While the group is making improvements that will affect all trials, Chabner, as chair of the SRC, has set up a “fast-track” system, whereby the SRC routinely reserves slots on its agenda for high-priority protocols. Each quarter, research programs can earmark one protocol for fast-track review. When the SRC receives a designated high-priority protocol, the committee can slip it into the reserved time slot.

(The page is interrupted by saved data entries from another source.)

(* Let $\{\mathbf{x}_k\}_{k=0}^{K}$ be the sequence generated by the CG-BiO algorithm. Then for any $k\geq 0$, $f(\mathbf{x}_{k+1})\leq f(\mathbf{x}_k)-\gamma_k \mathcal{G}(\mathbf{x}_k) +\frac{1}{2}\gamma_k^2L_f D^2$ and $g(\mathbf{x}_{k+1})\leq (1-\gamma_k) g(\mathbf{x}_k)+\gamma_k g(\mathbf{x}_0) +\frac{1}{2}\gamma_k^2 L_g D^2$.
   Context: Consider the simple bilevel problem $\min_{\mathbf{x}\in\mathbb{R}^d} f(\mathbf{x})$ s.t. $\mathbf{x}\in \operatorname*{arg\,min}_{\mathbf{z}\in\mathcal{Z}} g(\mathbf{z})$. Assume: $\mathcal{Z}\subset\mathbb{R}^d$ is convex and compact with diameter $D$ in a norm $\|\cdot\|$ (dual norm $\|\cdot\|_*$); $g$ is convex and continuously differentiable on an open set containing $\mathcal{Z}$ with $L_g$-Lipschitz gradient on $\mathcal{Z}$; $f$ is continuously differentiable with $L_f$-Lipschitz gradient. Let $g^*=\min_{\mathbf{z}\in\mathcal{Z}}g(\mathbf{z})$ and $\mathcal{X}_g^*=\operatorname*{arg\,min}_{\mathbf{z}\in\mathcal{Z}}g(\mathbf{z})$. The CG-BiO algorithm: choose $\mathbf{x}_0\in\mathcal{Z}$ with $g(\mathbf{x}_0)-g^*\le \epsilon_g/2$; at iteration $k$, let $\mathcal{X}_k=\{\mathbf{s}\in\mathcal{Z}: \langle\nabla g(\mathbf{x}_k),\mathbf{s}-\mathbf{x}_k\rangle\le g(\mathbf{x}_0)-g(\mathbf{x}_k)\}$, compute $\mathbf{s}_k\in\operatorname*{arg\,min}_{\mathbf{s}\in\mathcal{X}_k}\langle\nabla f(\mathbf{x}_k),\mathbf{s}\rangle$ and set $\mathbf{x}_{k+1}=(1-\gamma_k)\mathbf{x}_k+\gamma_k\mathbf{s}_k$ with stepsize $\gamma_k\in[0,1]$. The Frank–Wolfe gap is $\mathcal{G}(\mathbf{x})=\max_{\mathbf{s}\in\mathcal{X}_g^*}\langle\nabla f(\mathbf{x}),\mathbf{x}-\mathbf{s}\rangle$. *)

theory Defs
  imports "HOL-Analysis.Analysis"
begin

text \<open>A general norm on a finite-dimensional real space (R^d is modelled by a euclidean_space type).\<close>
definition is_norm :: "('a::euclidean_space \<Rightarrow> real) \<Rightarrow> bool" where
  "is_norm N \<longleftrightarrow> (\<forall>x. 0 \<le> N x) \<and> (\<forall>x. N x = 0 \<longleftrightarrow> x = 0)
     \<and> (\<forall>c x. N (c *\<^sub>R x) = \<bar>c\<bar> * N x) \<and> (\<forall>x y. N (x + y) \<le> N x + N y)"

definition dual_norm :: "('a::euclidean_space \<Rightarrow> real) \<Rightarrow> 'a \<Rightarrow> real" where
  "dual_norm N y = (SUP x\<in>{x. N x \<le> 1}. y \<bullet> x)"

definition diam_N :: "('a::euclidean_space \<Rightarrow> real) \<Rightarrow> 'a set \<Rightarrow> real" where
  "diam_N N Z = (SUP p\<in>Z \<times> Z. N (fst p - snd p))"

definition lower_opt :: "('a \<Rightarrow> real) \<Rightarrow> 'a set \<Rightarrow> real" where
  "lower_opt g Z = (INF z\<in>Z. g z)"

definition lower_sol :: "('a \<Rightarrow> real) \<Rightarrow> 'a set \<Rightarrow> 'a set" where
  "lower_sol g Z = {z\<in>Z. g z = lower_opt g Z}"

definition fw_gap :: "('a::euclidean_space \<Rightarrow> 'a) \<Rightarrow> ('a \<Rightarrow> real) \<Rightarrow> 'a set \<Rightarrow> 'a \<Rightarrow> real" where
  "fw_gap grad_f g Z x = (SUP s\<in>lower_sol g Z. grad_f x \<bullet> (x - s))"

definition cut_set :: "('a::euclidean_space \<Rightarrow> real) \<Rightarrow> ('a \<Rightarrow> 'a) \<Rightarrow> 'a set \<Rightarrow> 'a \<Rightarrow> 'a \<Rightarrow> 'a set" where
  "cut_set g grad_g Z x0 xk = {s\<in>Z. grad_g xk \<bullet> (s - xk) \<le> g x0 - g xk}"

end

theory Submission
  imports Defs
begin

text \<open>Both inequalities are instances of one bound for a step \<open>x' = (1 - \<gamma>) x + \<gamma> s\<close> inside
  \<open>Z\<close>: the descent lemma for a gradient that is \<open>L\<close>-Lipschitz from \<open>N\<close> to its dual norm gives
  \<open>F x' \<le> F x + \<gamma> \<langle>\<nabla>F x, s - x\<rangle> + \<gamma>\<^sup>2 L N(s - x)\<^sup>2 / 2\<close>, and \<open>N(s - x) \<le> D\<close>. For \<open>g\<close> the
  linear term is at most \<open>\<gamma> (g x\<^sub>0 - g x\<^sub>k)\<close> because \<open>s\<^sub>k\<close> lies in the cutting plane; for \<open>f\<close> it
  is at most \<open>-\<gamma> G(x\<^sub>k)\<close> because the cutting plane contains the whole lower-level solution set,
  over which \<open>s\<^sub>k\<close> does at least as well.\<close>

lemma is_norm_nonneg: "is_norm N \<Longrightarrow> 0 \<le> N x"
  and is_norm_eq_0: "is_norm N \<Longrightarrow> N x = 0 \<longleftrightarrow> x = 0"
  and is_norm_scaleR: "is_norm N \<Longrightarrow> N (c *\<^sub>R x) = \<bar>c\<bar> * N x"
  and is_norm_triangle: "is_norm N \<Longrightarrow> N (x + y) \<le> N x + N y"
  unfolding is_norm_def by auto

lemma is_norm_zero: "is_norm N \<Longrightarrow> N 0 = 0"
  using is_norm_eq_0 by blast

lemma is_norm_pos: "is_norm N \<Longrightarrow> x \<noteq> 0 \<Longrightarrow> 0 < N x"
  using is_norm_nonneg is_norm_eq_0 by (metis order_le_less)

lemma is_norm_convex_on: "is_norm N \<Longrightarrow> convex_on UNIV N"
proof (rule convex_onI)
  fix t :: real and x y
  assume N: "is_norm N" and t: "0 < t" "t < 1"
  have "N ((1 - t) *\<^sub>R x + t *\<^sub>R y) \<le> N ((1 - t) *\<^sub>R x) + N (t *\<^sub>R y)"
    using is_norm_triangle[OF N] .
  also have "\<dots> = (1 - t) * N x + t * N y"
    using is_norm_scaleR[OF N] t by simp
  finally show "N ((1 - t) *\<^sub>R x + t *\<^sub>R y) \<le> (1 - t) * N x + t * N y" .
qed simp

lemma is_norm_continuous_on: "is_norm N \<Longrightarrow> continuous_on S N"
  using convex_on_continuous[OF open_UNIV is_norm_convex_on] continuous_on_subset by blast

text \<open>Equivalence of norms in finite dimension, lower half: the minimum of \<open>N\<close> on the
  Euclidean unit sphere is positive.\<close>
lemma is_norm_ge_norm:
  fixes N :: "'a::euclidean_space \<Rightarrow> real"
  assumes N: "is_norm N"
  obtains c where "0 < c" "\<And>x. c * norm x \<le> N x"
proof -
  obtain b :: 'a where "b \<in> Basis"
    using nonempty_Basis by blast
  then have "sphere (0::'a) 1 \<noteq> {}"
    by (auto simp: norm_Basis)
  then obtain z where z: "z \<in> sphere 0 1" and min: "\<And>y. y \<in> sphere 0 1 \<Longrightarrow> N z \<le> N y"
    using continuous_attains_inf[OF compact_sphere _ is_norm_continuous_on[OF N]] by blast
  have "0 < N z"
    using z is_norm_pos[OF N, of z] by fastforce
  moreover have "N z * norm x \<le> N x" for x
  proof (cases "x = 0")
    case False
    then have "N z \<le> N ((1 / norm x) *\<^sub>R x)"
      by (intro min) simp
    then show ?thesis
      using False by (simp add: is_norm_scaleR[OF N] field_simps)
  qed (simp add: is_norm_nonneg[OF N])
  ultimately show thesis
    using that by blast
qed

lemma bdd_above_inner_on_is_norm_ball:
  assumes N: "is_norm N"
  shows "bdd_above ((\<lambda>x. a \<bullet> x) ` {x. N x \<le> 1})"
proof -
  obtain c where c: "0 < c" "\<And>x. c * norm x \<le> N x"
    using is_norm_ge_norm[OF N] by blast
  show ?thesis
  proof (rule bdd_aboveI2)
    fix x assume "x \<in> {x. N x \<le> 1}"
    then have "norm x \<le> 1 / c"
      using c order_trans[OF c(2)] by (simp add: field_simps)
    then have "norm a * norm x \<le> norm a * (1 / c)"
      by (rule mult_left_mono) simp
    then show "a \<bullet> x \<le> norm a * (1 / c)"
      by (meson Cauchy_Schwarz_ineq2 abs_le_D1 order_trans)
  qed
qed

lemma dual_norm_nonneg:
  assumes N: "is_norm N"
  shows "0 \<le> dual_norm N a"
proof -
  have "a \<bullet> 0 \<le> dual_norm N a"
    unfolding dual_norm_def
    by (intro cSUP_upper bdd_above_inner_on_is_norm_ball[OF N]) (simp add: is_norm_zero[OF N])
  then show ?thesis
    by simp
qed

lemma inner_le_dual_norm:
  assumes N: "is_norm N"
  shows "a \<bullet> v \<le> dual_norm N a * N v"
proof (cases "v = 0")
  case True
  then show ?thesis
    by (simp add: is_norm_zero[OF N])
next
  case False
  then have "0 < N v"
    using is_norm_pos[OF N] by blast
  moreover have "a \<bullet> ((1 / N v) *\<^sub>R v) \<le> dual_norm N a"
    unfolding dual_norm_def using \<open>0 < N v\<close>
    by (intro cSUP_upper bdd_above_inner_on_is_norm_ball[OF N]) (simp add: is_norm_scaleR[OF N])
  ultimately show ?thesis
    by (simp add: field_simps)
qed

lemma le_diam_N:
  assumes N: "is_norm N" and "compact Z" "y \<in> Z" "z \<in> Z"
  shows "N (y - z) \<le> diam_N N Z"
proof -
  have "continuous_on (Z \<times> Z) (\<lambda>p. N (fst p - snd p))"
    by (rule continuous_on_compose2[OF is_norm_continuous_on[OF N]]) (auto intro!: continuous_intros)
  then have "compact ((\<lambda>p. N (fst p - snd p)) ` (Z \<times> Z))"
    using assms(2) by (intro compact_continuous_image compact_Times)
  then have "bdd_above ((\<lambda>p. N (fst p - snd p)) ` (Z \<times> Z))"
    by (simp add: bounded_imp_bdd_above compact_imp_bounded)
  then show ?thesis
    unfolding diam_N_def using cSUP_upper[of "(y, z)" "Z \<times> Z"] assms(3,4) by force
qed

text \<open>A negative Lipschitz constant is only possible on a set with at most one point, whose
  diameter is \<open>0\<close>.\<close>
lemma lipschitz_mult_square_le_diam_N:
  assumes N: "is_norm N" and Z: "compact Z"
    and lip: "\<forall>y\<in>Z. \<forall>z\<in>Z. dual_norm N (G y - G z) \<le> L * N (y - z)"
    and y: "y \<in> Z" and z: "z \<in> Z"
  shows "L * (N (y - z))\<^sup>2 \<le> L * (diam_N N Z)\<^sup>2"
proof (cases "0 \<le> L")
  case True
  then show ?thesis
    using le_diam_N[OF N Z y z] is_norm_nonneg[OF N]
    by (intro mult_left_mono power_mono) auto
next
  case False
  have "a = b" if "a \<in> Z" "b \<in> Z" for a b
  proof (rule ccontr)
    assume "a \<noteq> b"
    then have "L * N (a - b) < 0"
      using False is_norm_pos[OF N, of "a - b"] by (simp add: mult_neg_pos)
    then show False
      using lip that dual_norm_nonneg[OF N] by (meson leD order_trans)
  qed
  then have "Z \<times> Z = {(y, y)}"
    using y by blast
  then show ?thesis
    using y z \<open>\<And>a b. a \<in> Z \<Longrightarrow> b \<in> Z \<Longrightarrow> a = b\<close>[OF y z]
    by (simp add: diam_N_def is_norm_zero[OF N])
qed

lemma has_real_derivative_along_line:
  assumes "(F has_derivative (\<lambda>h. G \<bullet> h)) (at (x + t *\<^sub>R v))"
  shows "((\<lambda>t. F (x + t *\<^sub>R v)) has_real_derivative G \<bullet> v) (at t)"
proof -
  have "((\<lambda>t. x + t *\<^sub>R v) has_derivative (\<lambda>h. h *\<^sub>R v)) (at t)"
    by (auto intro!: derivative_eq_intros)
  from has_derivative_compose[OF this assms]
  have "((\<lambda>t. F (x + t *\<^sub>R v)) has_derivative (\<lambda>h. G \<bullet> (h *\<^sub>R v))) (at t)"
    by (simp add: o_def)
  moreover have "(\<lambda>h. G \<bullet> (h *\<^sub>R v)) = (*) (G \<bullet> v)"
    by (auto simp: fun_eq_iff)
  ultimately show ?thesis
    unfolding has_field_derivative_def by simp
qed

Simplifying and streamlining the process
A major step in streamlining the process is DF/HCC’s recent approval to purchase InfoED, an electronic protocol management system. “InfoED will enable us to track protocols much more efficiently,” says Clark, “and will make all reviews and signoffs far easier, simpler, and faster.” Scheduled for installation over the coming months, InfoED will allow investigators to submit documents electronically and to view the status of their protocols under review. Chabner hopes that InfoED will also provide the data needed to create a “report card,” rating each disease program using such metrics as the number of protocols activated and the rates of accrual. In the meantime, DF/HCC has developed a system of tracking protocols from initial submission to activation. “We know where every protocol is, when we send it to pharmacy, when we send it to the SRC, and when the investigator responds to an issue raised by the SRC,” says Michele Russell-Einhorn, director of the Office for the Protection of Research Subjects. The office has also recently launched FileShare, so that SRC and IRB members can access protocols online, thus decreasing costs and time to review.
Another measure to accelerate the process is the addition of a second review committee, or SRC2, to deal exclusively with cooperative-group and industry-sponsored multi-center trials, initiated outside of DF/HCC. “These trials cannot be modified in the same way that DF/HCC investigator-initiated trials can as a result of SRC review,” explains Lowell Schnipper, MD, who, with Clark, will serve as co-chair of SRC2. This second committee will provide more time each month for scientific reviews overall and help quicken the review of externally developed trials through a single committee, notes Clark. At the same time, it will allow SRC1 to focus greater attention on investigator-initiated trials, a priority of DF/HCC.
Calling all investigators
The need for a second review committee underscores the need for more faculty to participate in the scientific and ethical review processes, says Chabner. “The success of the system depends on having enough highly qualified investigators and staff engaged in sharing the responsibility,” he explains. “In return for the benefit of participating in the DF/HCC clinical trials, all investigators must become involved by serving on the SRC and IRB.” At the same time, service on a review committee offers its own reward, adds Clark. “Learning how to design and conduct the best possible clinical trials is an invaluable part of the education process for all DF/HCC investigators.”